Friday, April 3, 2009

On the Same Team

God gave me a little reminder last night about how we need to view our marriage. Z and I have really been trying to figure some things out lately, and make some important decisions. We disagree on a decently important issue, and it was beginning to feel like the fact that we had opposite beliefs was getting between us.

Then it hit me like a ton of bricks! We're on the same team!

We shouldn't be facing each other when disagreements come up, we should be facing the disagreement together. Make sense? In case I just lost you- here's my LAME illustration. :) We start out aiming at the problem from different sides, but usually we get so passionate we 'overshoot' and end up wounding the other person. If you first come together and unite yourselves, you can attack the problem together. Oh yeah, the orange blob is the problem. Attack the problem, not each other. :)

I like to compare it to a sports team or a family.

When you're part of a team, you will not go far without team unity and loyalty. And with my family, they came first no matter what. Doing things for friends came after doing things for my family. They were my TEAM. And if it came down to it, I'd choose my team, or my family over anyone or anything else. If you're in a game and a player from the opposite team intentionally fouls and injures someone on your team, you're gonna work your butt off trying to shut them down the rest of the game.Why? 'Cause that's where your loyalty lies. If anyone does something to hurt the team, it clearly defines them as the opponent.

I realized that Z is my number one partner in this life - my number one teammate. When a problem or a disagreement comes up, it should be something that we team up and tackle together. If another human being says or does anything negative to our relationship it should only bring us closer together and make us stronger. Even if we may feel that we agree with someone else more than with each other, our loyalty has to lie with our spouse. Simply "taking sides" with someone else can create a wall between us.

We were serious when we took those vows. And we're still serious about them now. We made a commitment to fight for our marriage no matter what. And when the goal is to vanquish the problem, and not convince or defeat the other person, we have a common goal, something that we can fight for together. So instead of problems causing a split, they give us something to work together on. And boy, is that a whole lot healthier for our relationship!!Us sporting our "team" T-shirts the night before our wedding. The backs said BRIDE 08 & GROOM 08.

3 comments:

Jen said...

Holy cow - this is SO true! It's so easy to get caught up in the moment, though and forget that you're actually on the same team... and sometimes it's even difficult to remember that the hubby is your #1 teammate... Especially when he interviews for a job without your knowledge and then ends up acing the interview and is now moving to Michigan to begin a new adventure without you because you'll be in MN cleaning the house so that *hopefully* someone will buy it. :)

Yep, I know we're in this together, and that we're doing this to have a better future for our family, but sometimes, when I'm focused on having to live alone and clean our house all by myself everyday, it's easy to forget! :) Deep Breath.

PS Love your hair in the photo... what products do you use?

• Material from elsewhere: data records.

(* Assume the reduced model family is $(\varepsilon,\mu)$-admissible for some $\varepsilon>0$, $\mu\ge1$. Let $u\in V$ with $\operatorname{dist}(u,\mathcal M)\le\varepsilon_{model}$ and $w=P_Wu+\eta$, where $\eta\in W$ and $\|\eta\|\le\varepsilon_{noise}$. Let $u^*=u^*(w)$ be the estimator obtained by surrogate model selection with the surrogate $\mathcal S(v,\mathcal M)=\min_{y\in Y}\mathcal R(v,y)$. Define the alternating minimization sequence as follows: - set $u^0=u^*$ and choose $y^0\in\operatorname{argmin}_{y\in Y}\mathcal R(u^*,y)$; - for $k\ge0$, choose $y^{k+1}\in\operatorname{argmin}_{y\in Y}\mathcal R(u^k,y)$; - for $k\ge0$, let $u^{k+1}$ be the minimizer of $v\mapsto\mathcal R(v,y^{k+1})$ over $v\in w+W^\perp$. Then $\mathcal R(u^{k+1},y^{k+1})\le\mathcal R(u^k,y^k)$ for all $k\ge0$. Moreover, for every $k\ge0$, $$\|u-u^k\|\le\delta_{\kappa\rho}+\varepsilon_{noise},\qquad\rho:=\mu(\varepsilon+\varepsilon_{noise})+(\mu+1)\varepsilon_{model},\quad\kappa=R/r.$$
   Context: Let $V$ and $Z$ be real Hilbert spaces, with $\|\cdot\|$ the norm of $V$ and $Z'$ the dual of $Z$. Let $Y\subset\mathbb R^d$ be compact. For $y\in Y$ let $A(y):V\to Z'$ be a bounded linear isomorphism and $f(y)\in Z'$, with $y\mapsto A(y)$ and $y\mapsto f(y)$ continuous. Assume there are constants $0<r\le R$ such that $\|A(y)\|_{V\to Z'}\le R$ and $\|A(y)^{-1}\|_{Z'\to V}\le r^{-1}$ for all $y\in Y$. Let $u(y)=A(y)^{-1}f(y)$ and $\mathcal M=\{u(y):y\in Y\}$. Define the residual $\mathcal R(v,y)=\|A(y)v-f(y)\|_{Z'}$. Let $W\subset V$ be a subspace of finite dimension $m$, let $P_W$ be the orthogonal projection onto $W$, and let $W^\perp$ be its orthogonal complement. For $w\in W$ put $V_w=w+W^\perp$. For $\sigma\ge0$ define $\mathcal M_\sigma=\{v:\operatorname{dist}(v,\mathcal M)\le\sigma\}$ and $\delta_\sigma=\sup\{\|u-v\|:u,v\in\mathcal M_\sigma,u-v\in W^\perp\}$. For a finite-dimensional subspace $E$ let $\mu(E,W)=\sup_{v\in E\setminus\{0\}}\|v\|/\|P_Wv\|$, with $\mu(\{0\},W)=1$. A reduced model family consists of: - sets $\mathcal M_1,\dots,\mathcal M_K$ with $\mathcal M=\bigcup_k\mathcal M_k$; - affine spaces $V_k=\bar u_k+\bar V_k$ with $\dim\bar V_k\le m$; - numbers $\varepsilon_k\ge\sup_{u\in\mathcal M_k}\operatorname{dist}(u,V_k)$; - constants $\mu_k=\mu(\bar V_k,W)$. The family is $(\varepsilon,\mu)$-admissible if $\varepsilon_k\le\varepsilon$ and $\mu_k\le\mu$ for all $k$. PBDW estimators: $u_k^*(w)=\operatorname{argmin}\{\operatorname{dist}(v,V_k):v\in V_w\}$. Surrogate model selection picks $k^*(w)$ as a minimizer of $k\mapsto\mathcal S(u_k^*(w),\mathcal M)$ and sets $u^*(w)=u^*_{k^*(w)}(w)$. *)

theory Defs
  imports "HOL-Analysis.Analysis"
begin

definition fin_dim_subspace :: "'v::real_vector set \<Rightarrow> bool" where
  "fin_dim_subspace E \<longleftrightarrow> subspace E \<and> (\<exists>B. finite B \<and> E = span B)"

definition proj :: "'v::real_inner set \<Rightarrow> 'v \<Rightarrow> 'v" where
  "proj W v = (THE p. p \<in> W \<and> (\<forall>x\<in>W. inner (v - p) x = 0))"

definition affW :: "'v::real_inner set \<Rightarrow> 'v \<Rightarrow> 'v set" where
  "affW W w = {w + x | x. x \<in> orthogonal_comp W}"

definition mu_const :: "'v::real_inner set \<Rightarrow> 'v set \<Rightarrow> ereal" where
  "mu_const E W = (if E \<subseteq> {0} then 1
     else (SUP v\<in>E - {0}. (if proj W v = 0 then \<infinity> else ereal (norm v / norm (proj W v)))))"

definition resid :: "('a \<Rightarrow> 'v::real_normed_vector \<Rightarrow>\<^sub>L 'z::real_normed_vector) \<Rightarrow> ('a \<Rightarrow> 'z) \<Rightarrow> 'v \<Rightarrow> 'a \<Rightarrow> real" where
  "resid A f v y = norm (A y v - f y)"

definition solman :: "'a set \<Rightarrow> ('a \<Rightarrow> 'v::real_normed_vector \<Rightarrow>\<^sub>L 'z::real_normed_vector) \<Rightarrow> ('a \<Rightarrow> 'z) \<Rightarrow> 'v set" where
  "solman Y A f = {u. \<exists>y\<in>Y. A y u = f y}"

definition surrogate :: "'a set \<Rightarrow> ('a \<Rightarrow> 'v::real_normed_vector \<Rightarrow>\<^sub>L 'z::real_normed_vector) \<Rightarrow> ('a \<Rightarrow> 'z) \<Rightarrow> 'v \<Rightarrow> real" where
  "surrogate Y A f v = (INF y\<in>Y. resid A f v y)"

definition Msig :: "'v::real_normed_vector set \<Rightarrow> real \<Rightarrow> 'v set" where
  "Msig M \<sigma> = {v. infdist v M \<le> \<sigma>}"

definition delta :: "'v::real_inner set \<Rightarrow> 'v set \<Rightarrow> real \<Rightarrow> real" where
  "delta M W \<sigma> = Sup {norm (u - v) | u v. u \<in> Msig M \<sigma> \<and> v \<in> Msig M \<sigma> \<and> u - v \<in> orthogonal_comp W}"

end

theory Submission
  imports Defs
begin

text \<open>
  Each sweep of the alternating minimisation lowers the residual first in the parameter and then
  in the state, so the residuals decrease. The initial residual is the surrogate of the selected
  PBDW estimate, hence at most the residual of the estimate \<open>u\<^sub>k\<^sup>*\<close> built from a piece
  \<open>M\<^sub>k\<close> that contains a solution \<open>u(y)\<close> close to \<open>u\<close>. Since \<open>\<parallel>A(y)\<parallel> \<le> R\<close> and the noisy
  PBDW estimate is within \<open>\<mu>(\<epsilon> + \<parallel>P\<^sub>W u(y) - w\<parallel>)\<close> of \<open>u(y)\<close>, all residuals are at most
  \<open>R\<rho>\<close>. The stability bound \<open>dist(v, M) \<le> R(v, y) / r\<close> then puts every iterate into
  \<open>M\<^bsub>\<kappa>\<rho>\<^esub>\<close>, and \<open>u + \<eta>\<close> lies there as well. Both have \<open>W\<close>-component \<open>w\<close>, so they are at
  distance at most \<open>\<delta>\<^bsub>\<kappa>\<rho>\<^esub>\<close>, and \<open>u\<close> is within the noise level of \<open>u + \<eta>\<close>.
\<close>

section \<open>Orthogonal projection onto finite-dimensional subspaces\<close>

lemma orthogonal_projection_onto_span_exists:
  fixes B :: "'v::real_inner set"
  assumes "finite B"
  shows "\<exists>p\<in>span B. \<forall>x\<in>span B. inner (v - p) x = 0"
  using assms
proof (induction B arbitrary: v rule: finite_induct)
  case empty
  show ?case by auto
next
  case (insert b B)
  obtain pb where pb: "pb \<in> span B" "\<forall>x\<in>span B. inner (b - pb) x = 0"
    using insert.IH by blast
  obtain pv where pv: "pv \<in> span B" "\<forall>x\<in>span B. inner (v - pv) x = 0"
    using insert.IH by blast
  \<comment> \<open>Gram--Schmidt step: \<open>b'\<close> is orthogonal to \<open>span B\<close>, and \<open>p\<close> adds the component of \<open>v\<close> along \<open>b'\<close>.\<close>
  define b' where "b' = b - pb"
  define p where "p = pv + (inner v b' / inner b' b') *\<^sub>R b'"
  have span_B: "span B \<subseteq> span (insert b B)"
    by (simp add: span_mono subset_insertI)
  have "b' \<in> span (insert b B)"
    unfolding b'_def using pb(1) span_B by (meson insertI1 span_base span_diff subsetD)
  then have p_span: "p \<in> span (insert b B)"
    unfolding p_def using pv(1) span_B by (meson span_add span_scale subsetD)
  have b'_orth: "inner b' y = 0" if "y \<in> span B" for y
    using pb(2) that by (simp add: b'_def)
  have orth_B: "inner (v - p) y = 0" if "y \<in> span B" for y
    using pv(2) b'_orth[OF that] that by (simp add: p_def inner_diff_left inner_add_left)
  have orth_b': "inner (v - p) b' = 0"
  proof (cases "b' = 0")
    case False
    then show ?thesis
      using b'_orth[OF pv(1)] by (simp add: p_def inner_diff_right inner_add_right inner_commute)
  qed simp
  have "inner (v - p) b = inner (v - p) b' + inner (v - p) pb"
    by (simp add: b'_def inner_diff_right)
  then have orth_b: "inner (v - p) b = 0"
    using orth_b' orth_B[OF pb(1)] by simp
  have "orthogonal (v - p) y" if "y \<in> insert b B" for y
    using that orth_b orth_B span_base unfolding orthogonal_def by blast
  then have "orthogonal (v - p) x" if "x \<in> span (insert b B)" for x
    using that orthogonal_to_span by blast
  then show ?case
    using p_span unfolding orthogonal_def by blast
qed

lemma fin_dim_subspace_subspace: "fin_dim_subspace E \<Longrightarrow> subspace E"
  unfolding fin_dim_subspace_def by blast

lemma proj_unique:
  assumes E: "fin_dim_subspace E" and "p \<in> E" and "\<forall>x\<in>E. inner (v - p) x = 0"
  shows "proj E v = p"
  unfolding proj_def
proof (rule the_equality)
  show "p \<in> E \<and> (\<forall>x\<in>E. inner (v - p) x = 0)" using assms by blast
  fix q assume q: "q \<in> E \<and> (\<forall>x\<in>E. inner (v - q) x = 0)"
  have "p - q \<in> E"
    using assms(2) q subspace_diff[OF fin_dim_subspace_subspace[OF E]] by blast
  have "inner (p - q) (p - q) = inner (v - q) (p - q) - inner (v - p) (p - q)"
    by (simp add: inner_diff_left)
  then have "inner (p - q) (p - q) = 0"
    using \<open>p - q \<in> E\<close> assms(3) q by simp
  then show "q = p" by simp
qed

lemma
  assumes "fin_dim_subspace E"
  shows proj_in: "proj E v \<in> E"
    and proj_orthogonal: "x \<in> E \<Longrightarrow> inner (v - proj E v) x = 0"
proof -
  obtain B where "finite B" "E = span B"
    using assms unfolding fin_dim_subspace_def by blast
  then obtain p where "p \<in> E" "\<forall>x\<in>E. inner (v - p) x = 0"
    using orthogonal_projection_onto_span_exists by blast
  with proj_unique[OF assms] show "proj E v \<in> E" "x \<in> E \<Longrightarrow> inner (v - proj E v) x = 0"
    by simp_all
qed

lemma linear_proj:
  assumes E: "fin_dim_subspace E"
  shows "linear (proj E)"
proof (rule linearI)
  note sE = fin_dim_subspace_subspace[OF E]
  fix a b :: 'a and t :: real
  show "proj E (a + b) = proj E a + proj E b"
  proof (rule proj_unique[OF E])
    show "proj E a + proj E b \<in> E"
      using proj_in[OF E] by (simp add: subspace_add[OF sE])
    have "a + b - (proj E a + proj E b) = (a - proj E a) + (b - proj E b)" by simp
    then show "\<forall>x\<in>E. inner (a + b - (proj E a + proj E b)) x = 0"
      using proj_orthogonal[OF E] by (simp only: inner_add_left) simp
  qed
  show "proj E (t *\<^sub>R a) = t *\<^sub>R proj E a"
  proof (rule proj_unique[OF E])
    show "t *\<^sub>R proj E a \<in> E"
      using proj_in[OF E] by (simp add: subspace_scale[OF sE])
    show "\<forall>x\<in>E. inner (t *\<^sub>R a - t *\<^sub>R proj E a) x = 0"
      using proj_orthogonal[OF E] by (simp flip: scaleR_diff_right)
  qed
qed

lemma proj_self: "fin_dim_subspace E \<Longrightarrow> x \<in> E \<Longrightarrow> proj E x = x"
  by (rule proj_unique) simp_all

lemma minus_proj_in_orthogonal_comp:
  assumes "fin_dim_subspace W"
  shows "v - proj W v \<in> orthogonal_comp W"
  using proj_orthogonal[OF assms, of _ v] by (simp add: orthogonal_comp_def orthogonal_def inner_commute)

lemma norm_proj_Pythagorean:
  assumes "fin_dim_subspace E"
  shows "(norm v)\<^sup>2 = (norm (proj E v))\<^sup>2 + (norm (v - proj E v))\<^sup>2"
proof -
  have "orthogonal (proj E v) (v - proj E v)"
    using proj_orthogonal[OF assms proj_in[OF assms]] by (simp add: orthogonal_def inner_commute)
  then show ?thesis
    using norm_add_Pythagorean[of "proj E v" "v - proj E v"] by simp
qed

lemma norm_proj_le:
  assumes "fin_dim_subspace E"
  shows "norm (proj E v) \<le> norm v"
proof (rule power2_le_imp_le)
  show "(norm (proj E v))\<^sup>2 \<le> (norm v)\<^sup>2"
    using norm_proj_Pythagorean[OF assms, of v] zero_le_power2[of "norm (v - proj E v)"]
    by linarith
qed simp

lemma proj_affW:
  assumes "fin_dim_subspace W" "w \<in> W" "v \<in> affW W w"
  shows "proj W v = w"
  using assms unfolding affW_def orthogonal_comp_def orthogonal_def
  by (auto intro!: proj_unique simp: inner_commute)

section \<open>Error of the PBDW estimate\<close>

lemma infdist_affine_subspace:
  assumes E: "fin_dim_subspace E"
  shows "infdist v {c + x |x. x \<in> E} = norm (v - c - proj E (v - c))"
proof (rule antisym)
  let ?d = "v - c - proj E (v - c)"
  have "c + proj E (v - c) \<in> {c + x |x. x \<in> E}"
    using proj_in[OF E] by blast
  then have "infdist v {c + x |x. x \<in> E} \<le> dist v (c + proj E (v - c))"
    by (rule infdist_le)
  then show "infdist v {c + x |x. x \<in> E} \<le> norm ?d"
    by (simp add: dist_norm diff_diff_eq)
  have "norm ?d \<le> dist v z" if z: "z \<in> {c + x |x. x \<in> E}" for z
  proof -
    obtain x where x: "x \<in> E" "z = c + x" using z by blast
    have "proj E (v - c) - x \<in> E"
      using proj_in[OF E] x(1) subspace_diff[OF fin_dim_subspace_subspace[OF E]] by blast
    then have orth: "orthogonal ?d (proj E (v - c) - x)"
      using proj_orthogonal[OF E] by (simp add: orthogonal_def)
    have split: "v - z = ?d + (proj E (v - c) - x)"
      using x(2) by simp
    have "(norm (v - z))\<^sup>2 = (norm ?d)\<^sup>2 + (norm (proj E (v - c) - x))\<^sup>2"
      unfolding split by (rule norm_add_Pythagorean[OF orth])
    then show ?thesis
      by (simp add: dist_norm power2_le_imp_le)
  qed
  then show "norm ?d \<le> infdist v {c + x |x. x \<in> E}"
    unfolding infdist_eq_setdist
    using subspace_0[OF fin_dim_subspace_subspace[OF E]] by (intro le_setdistI) auto
qed

lemma inner_eq_0_if_norm_minimal:
  fixes a b :: "'v::real_inner"
  assumes min: "\<And>t::real. norm a \<le> norm (a - t *\<^sub>R b)"
  shows "inner a b = 0"
proof (cases "b = 0")
  case False
  define t where "t = inner a b / inner b b"
  have "(norm (a - t *\<^sub>R b))\<^sup>2 = inner a a - 2 * t * inner a b + t * t * inner b b"
    by (simp add: power2_norm_eq_inner inner_diff_left inner_diff_right inner_commute algebra_simps)
  also have "\<dots> = inner a a - (inner a b)\<^sup>2 / inner b b"
    using False by (simp add: t_def power2_eq_square field_simps)
  finally have "(norm (a - t *\<^sub>R b))\<^sup>2 = (norm a)\<^sup>2 - (inner a b)\<^sup>2 / inner b b"
    by (simp add: power2_norm_eq_inner)
  moreover have "(norm a)\<^sup>2 \<le> (norm (a - t *\<^sub>R b))\<^sup>2"
    using min by (simp add: power_mono)
  ultimately have "(inner a b)\<^sup>2 / inner b b \<le> 0" by simp
  moreover have "0 < inner b b"
    using False by simp
  ultimately show ?thesis
    by (simp add: divide_le_0_iff)
qed simp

I am looking for something new for my curlies. :)

Courtney said...

It is tough, girl. You're definitely in a tough position, but in the end- your marriage will thank you for keeping perspective! Hang in there!!

Thank you! This was after about 12 hours of decorating our reception hall, so I'm flattered! :) I use Satinique products- a gel, and a spritz hair spray while blow drying. I love them! Since I order them though, I use Aussie if I need something in a pinch. :)

Lucy Marie said...

What a great message, C! Thanks for sharing your insight. I really gained some perspective from your little diagrams. It is so true, so often we come at things as though one of us has to be right and the other one has to be wrong. Looking at it this way is definitely a better perspective.